A T-1 carrier is a dedicated telephone connection or a time-division-multiplexed digital transmission service that supports a data rate of 1.544 Mbps. A T-1 line generally includes 24 separate channels, each of which is able to support 64 Kbps. Every 64 Kbps channel is often customized to transport voice or data traffic. The majority of telephone companies only allow the purchase of a few of the individual channels, referred to as fractional T-1 access.
The T-carrier systems are totally digital and use time-division multiplexing (TDM) and pulse code modulation (PCM). The original T carrier system was developed by Bell Labs in the early 1960s.
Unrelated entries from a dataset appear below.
(* Suppose that for every odd integer $n\ge 1$ and every integer $k\ge 0$ with $2^k<n<2^{k+1}$, there is an orientation of the $n$-cube in which every vertex has in-degree $n-2^k$ or $n$. Then for every positive integer $n$ and all integers $0\le a,b\le n$ for which there exist non-negative integers $s,t$ with $s+t=2^n$ and $as+bt=n2^{n-1}$, there is an orientation of the $n$-cube in which every vertex has in-degree $a$ or $b$.
   Context: The $n$-cube is the graph on binary $n$-tuples with edges between tuples differing in exactly one coordinate. An orientation assigns a direction to each edge; the in-degree of a vertex is the number of edges directed into it. *)

theory Defs
  imports Main
begin

definition cube_vertices :: "nat \<Rightarrow> bool list set" where
  "cube_vertices n = {xs. length xs = n}"

definition cube_adj :: "nat \<Rightarrow> bool list \<Rightarrow> bool list \<Rightarrow> bool" where
  "cube_adj n u v \<longleftrightarrow> u \<in> cube_vertices n \<and> v \<in> cube_vertices n \<and>
     card {i. i < n \<and> u ! i \<noteq> v ! i} = 1"

text \<open>An orientation of the n-cube: a relation D (D u v means the edge is directed u \<rightarrow> v)
  supported on the edges, directing each edge in exactly one way.\<close>
definition is_cube_orientation :: "nat \<Rightarrow> (bool list \<Rightarrow> bool list \<Rightarrow> bool) \<Rightarrow> bool" where
  "is_cube_orientation n D \<longleftrightarrow>
     (\<forall>u v. D u v \<longrightarrow> cube_adj n u v) \<and>
     (\<forall>u v. cube_adj n u v \<longrightarrow> (D u v \<longleftrightarrow> \<not> D v u))"

definition indeg :: "(bool list \<Rightarrow> bool list \<Rightarrow> bool) \<Rightarrow> bool list \<Rightarrow> nat" where
  "indeg D v = card {u. D u v}"

end

theory Submission
  imports Defs "HOL-Computational_Algebra.Primes"
begin

(* Call (n,a,b) realisable if the n-cube has an orientation all of whose
   in-degrees lie in {a,b}.  Realisability is stable under
   - swapping a and b, and reversing all edges: (n,a,b) \<mapsto> (n, n-a, n-b);
   - products with a regular orientation: (n,a,b) \<mapsto> (n+m, a+c, b+c) if the m-cube has an
     orientation with all in-degrees c; with the directed 4-cycle on the 2-cube (c = 1)
     this gives (n,a,b) \<mapsto> (n+2c, a+c, b+c);
   - blowing up along the parity map Q_{Ln} \<rightarrow> Q_n, which gives (n,a,b) \<mapsto> (Ln, La, Lb).
   For a \<le> b and a+b \<le> n the counting condition forces (b-a) t = 2^(n-1) (n-2a), so the
   ratio (n-2a)/(b-a) lies in [1,2] and its reduced denominator is a power of two 2^j.
   The reduced numerator m' is then 1, 2, or odd with 2^j < m' < 2^(j+1); in the last case
   the hypothesis (reversed) realises (m', 0, 2^j).  Blowing up and adding 4-cycles gives
   (n,a,b).  The case a+b > n reduces to this one by edge reversal. *)

section \<open>Neighbours in the cube\<close>

definition flip :: "bool list \<Rightarrow> nat \<Rightarrow> bool list" where
  "flip v i = v[i := \<not> v ! i]"

lemma length_flip [simp]: "length (flip v i) = length v"
  by (simp add: flip_def)

lemma nth_flip: "i < length v \<Longrightarrow> flip v i ! j = (if j = i then \<not> v ! i else v ! j)"
  by (simp add: flip_def nth_list_update)

lemma flip_inj: "i < length v \<Longrightarrow> j < length v \<Longrightarrow> flip v i = flip v j \<Longrightarrow> i = j"
  by (metis nth_flip)

lemma flip_neq: "i < length v \<Longrightarrow> flip v i \<noteq> v"
  by (metis nth_flip)

lemma cube_adj_iff_flip: "cube_adj n u v \<longleftrightarrow> length u = n \<and> (\<exists>i<n. v = flip u i)"
proof
  assume "cube_adj n u v"
  then have lu: "length u = n" and lv: "length v = n"
    and one: "card {i. i < n \<and> u ! i \<noteq> v ! i} = 1"
    by (auto simp: cube_adj_def cube_vertices_def)
  from one obtain i where diff: "{i. i < n \<and> u ! i \<noteq> v ! i} = {i}"
    by (auto simp: card_Suc_eq)
  then have i: "i < n" "u ! i \<noteq> v ! i" by auto
  have "v = flip u i"
  proof (rule nth_equalityI)
    show "length v = length (flip u i)" using lu lv by simp
    fix j assume "j < length v"
    then show "v ! j = flip u i ! j" using diff i lu lv by (auto simp: nth_flip)
  qed
  with lu i show "length u = n \<and> (\<exists>i<n. v = flip u i)" by blast
next
  assume "length u = n \<and> (\<exists>i<n. v = flip u i)"
  then obtain i where lu: "length u = n" and i: "i < n" and v: "v = flip u i" by blast
  have "{j. j < n \<and> u ! j \<noteq> v ! j} = {i}" using lu i v by (auto simp: nth_flip)
  then show "cube_adj n u v" using lu v by (simp add: cube_adj_def cube_vertices_def)
qed

lemma cube_adj_sym:
  assumes "cube_adj n u v"
  shows "cube_adj n v u"
proof -
  have same: "{i. i < n \<and> v ! i \<noteq> u ! i} = {i. i < n \<and> u ! i \<noteq> v ! i}" by auto
  show ?thesis using assms unfolding cube_adj_def same by blast
qed

lemma cube_adj_flip:
  assumes "length u = n" "i < n"
  shows "cube_adj n (flip u i) u"
proof -
  have "cube_adj n u (flip u i)" using assms by (auto simp: cube_adj_iff_flip)
  then show ?thesis by (rule cube_adj_sym)
qed

lemma orientation_flip:
  assumes "is_cube_orientation n D" "v \<in> cube_vertices n" "i < n"
  shows "D (flip v i) v \<longleftrightarrow> \<not> D v (flip v i)"
proof -
  have "cube_adj n (flip v i) v" using assms(2,3) by (simp add: cube_adj_flip cube_vertices_def)
  then show ?thesis using assms(1) unfolding is_cube_orientation_def by simp
qed

lemma indeg_coordinates:
  assumes D: "is_cube_orientation n D" and v: "v \<in> cube_vertices n"
  shows "indeg D v = card {i. i < n \<and> D (flip v i) v}"
proof -
  have "{u. D u v} = flip v ` {i. i < n \<and> D (flip v i) v}"
  proof (intro equalityI subsetI)
    fix u assume "u \<in> {u. D u v}"
    then have "cube_adj n u v" using D by (simp add: is_cube_orientation_def)
    then have "cube_adj n v u" by (rule cube_adj_sym)
    then show "u \<in> flip v ` {i. i < n \<and> D (flip v i) v}"
      using \<open>u \<in> {u. D u v}\<close> by (auto simp: cube_adj_iff_flip)
  qed auto
  moreover have "inj_on (flip v) {i. i < n \<and> D (flip v i) v}"
    using v by (auto simp: inj_on_def cube_vertices_def intro: flip_inj)
  ultimately show ?thesis by (simp add: indeg_def card_image)
qed

section \<open>Realisable in-degree pairs\<close>

definition realisable :: "nat \<Rightarrow> nat \<Rightarrow> nat \<Rightarrow> bool" where
  "realisable n a b \<longleftrightarrow> (\<exists>D. is_cube_orientation n D \<and>
     (\<forall>v \<in> cube_vertices n. indeg D v = a \<or> indeg D v = b))"

lemma realisable_swap: "realisable n a b \<Longrightarrow> realisable n b a"
  unfolding realisable_def by blast

text \<open>Reversing every edge turns in-degree d into n - d.\<close>
lemma realisable_reverse:
  assumes "realisable n a b"
  shows "realisable n (n - a) (n - b)"
proof -
  obtain D where D: "is_cube_orientation n D"
    and deg: "\<forall>v \<in> cube_vertices n. indeg D v = a \<or> indeg D v = b"
    using assms unfolding realisable_def by blast
  define R where "R = (\<lambda>u v. D v u)"
  have R: "is_cube_orientation n R"
    using D cube_adj_sym unfolding is_cube_orientation_def R_def by metis
  have "indeg R v = n - indeg D v" if v: "v \<in> cube_vertices n" for v
  proof -
    have "{i. i < n \<and> R (flip v i) v} = {..<n} - {i. i < n \<and> D (flip v i) v}"
      using orientation_flip[OF D v] by (auto simp: R_def)
    then show ?thesis
      by (simp add: indeg_coordinates[OF R v] indeg_coordinates[OF D v] card_Diff_subset subset_eq)
  qed
  then show ?thesis using R deg unfolding realisable_def by metis
qed

section \<open>Products of orientations\<close>

text \<open>Orientation of the (n+m)-cube = n-cube \<times> m-cube: edges changing one of the first
  n coordinates follow D1, the others follow D2.\<close>
definition prod_orientation ::
  "nat \<Rightarrow> nat \<Rightarrow> (bool list \<Rightarrow> bool list \<Rightarrow> bool) \<Rightarrow> (bool list \<Rightarrow> bool list \<Rightarrow> bool)
     \<Rightarrow> bool list \<Rightarrow> bool list \<Rightarrow> bool" where
  "prod_orientation n m D1 D2 w w' \<longleftrightarrow> cube_adj (n + m) w w' \<and>
     (if take n w = take n w' then D2 (drop n w) (drop n w') else D1 (take n w) (take n w'))"

lemma take_flip: "take n (flip w i) = (if i < n then flip (take n w) i else take n w)"
proof (cases "i < n")
  case True
  then show ?thesis by (simp add: flip_def take_update_swap)
qed (simp add: flip_def)

lemma drop_flip:
  "i < length w \<Longrightarrow> drop n (flip w i) = (if i < n then drop n w else flip (drop n w) (i - n))"
  by (cases "i < n") (simp_all add: flip_def drop_update_swap)

lemma prod_orientation_flip:
  assumes w: "length w = n + m" and i: "i < n + m"
  shows "prod_orientation n m D1 D2 (flip w i) w \<longleftrightarrow>
           (if i < n then D1 (flip (take n w) i) (take n w) else D2 (flip (drop n w) (i - n)) (drop n w))"
    and "prod_orientation n m D1 D2 w (flip w i) \<longleftrightarrow>
           (if i < n then D1 (take n w) (flip (take n w) i) else D2 (drop n w) (flip (drop n w) (i - n)))"
proof -
  have adj: "cube_adj (n + m) (flip w i) w" "cube_adj (n + m) w (flip w i)"
    using cube_adj_flip[OF w i] cube_adj_sym[OF cube_adj_flip[OF w i]] .
  have "i < n \<Longrightarrow> flip (take n w) i \<noteq> take n w" using w by (simp add: flip_neq)
  then show "prod_orientation n m D1 D2 (flip w i) w \<longleftrightarrow>
           (if i < n then D1 (flip (take n w) i) (take n w) else D2 (flip (drop n w) (i - n)) (drop n w))"
    and "prod_orientation n m D1 D2 w (flip w i) \<longleftrightarrow>
           (if i < n then D1 (take n w) (flip (take n w) i) else D2 (drop n w) (flip (drop n w) (i - n)))"
    using adj w i by (auto simp: prod_orientation_def take_flip drop_flip)
qed

lemma prod_orientation_is_orientation:
  assumes D1: "is_cube_orientation n D1" and D2: "is_cube_orientation m D2"
  shows "is_cube_orientation (n + m) (prod_orientation n m D1 D2)"
  unfolding is_cube_orientation_def
proof (intro conjI allI impI)
  fix u v assume "prod_orientation n m D1 D2 u v"
  then show "cube_adj (n + m) u v" by (simp add: prod_orientation_def)
next
  fix u v assume "cube_adj (n + m) u v"
  then obtain i where u: "length u = n + m" and i: "i < n + m" and v: "v = flip u i"
    by (auto simp: cube_adj_iff_flip)
  have "take n u \<in> cube_vertices n" "drop n u \<in> cube_vertices m"
    using u by (simp_all add: cube_vertices_def)
  then show "prod_orientation n m D1 D2 u v \<longleftrightarrow> \<not> prod_orientation n m D1 D2 v u"
    unfolding v prod_orientation_flip[OF u i]
    using orientation_flip[OF D1, of "take n u" i] orientation_flip[OF D2, of "drop n u" "i - n"] i
    by auto
qed

lemma prod_orientation_indeg:
  assumes D1: "is_cube_orientation n D1" and D2: "is_cube_orientation m D2"
    and w: "w \<in> cube_vertices (n + m)"
  shows "indeg (prod_orientation n m D1 D2) w = indeg D1 (take n w) + indeg D2 (drop n w)"
proof -
  let ?D = "prod_orientation n m D1 D2"
  have lw: "length w = n + m" using w by (simp add: cube_vertices_def)
  have tw: "take n w \<in> cube_vertices n" and dw: "drop n w \<in> cube_vertices m"
    using lw by (simp_all add: cube_vertices_def)
  let ?A = "{i. i < n \<and> D1 (flip (take n w) i) (take n w)}"
  let ?B = "{j. j < m \<and> D2 (flip (drop n w) j) (drop n w)}"
  have split: "{i. i < n + m \<and> ?D (flip w i) w} = ?A \<union> (\<lambda>j. j + n) ` ?B"
  proof (intro equalityI subsetI)
    fix i assume "i \<in> {i. i < n + m \<and> ?D (flip w i) w}"
    then have i: "i < n + m" and into: "?D (flip w i) w" by auto
    show "i \<in> ?A \<union> (\<lambda>j. j + n) ` ?B"
    proof (cases "i < n")
      case True
      then show ?thesis using into prod_orientation_flip(1)[OF lw i] by simp
    next
      case False
      then have "i - n \<in> ?B" using into prod_orientation_flip(1)[OF lw i] i by simp
      moreover have "i = (i - n) + n" using False by simp
      ultimately show ?thesis by blast
    qed
  next
    fix i assume "i \<in> ?A \<union> (\<lambda>j. j + n) ` ?B"
    then show "i \<in> {i. i < n + m \<and> ?D (flip w i) w}"
      using prod_orientation_flip(1)[OF lw, of i] by auto
  qed
  have "card (?A \<union> (\<lambda>j. j + n) ` ?B) = card ?A + card ((\<lambda>j. j + n) ` ?B)"
    by (rule card_Un_disjoint) auto
  also have "card ((\<lambda>j. j + n) ` ?B) = card ?B"
    by (rule card_image) (simp add: inj_on_def)
  finally show ?thesis
    using split indeg_coordinates[OF prod_orientation_is_orientation[OF D1 D2] w]
      indeg_coordinates[OF D1 tw] indeg_coordinates[OF D2 dw] by simp
qed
Techopedia explains T-1 Carrier
T-1 is the method that is conventionally used by the telephone companies for transporting digitized telephone communication among central offices. Since the 1960s, a single T-1 channel was able to carry 24 high-quality voice conversations. Because T-1 is fully digital, it eradicates the chance of crosstalk, which is typical among analog carrier networks where the copper pairs tend to pick up transmissions from neighboring pairs.
A T-1 physically includes two twisted pairs of copper wire. The pairs use a full-duplex configuration in which one pair sends information while the other receives information.
There are two main framing standards used by a T-1 carrier line:
- D4 framing is the main framing standard, which was primarily used in combination with T1 networks.
- Another framing method used in T-1 is the relatively new Extended Super Frame (ESF). ESF makes use of fewer framing bits compared to D4 and offers the best way of obtaining performance data from T-1.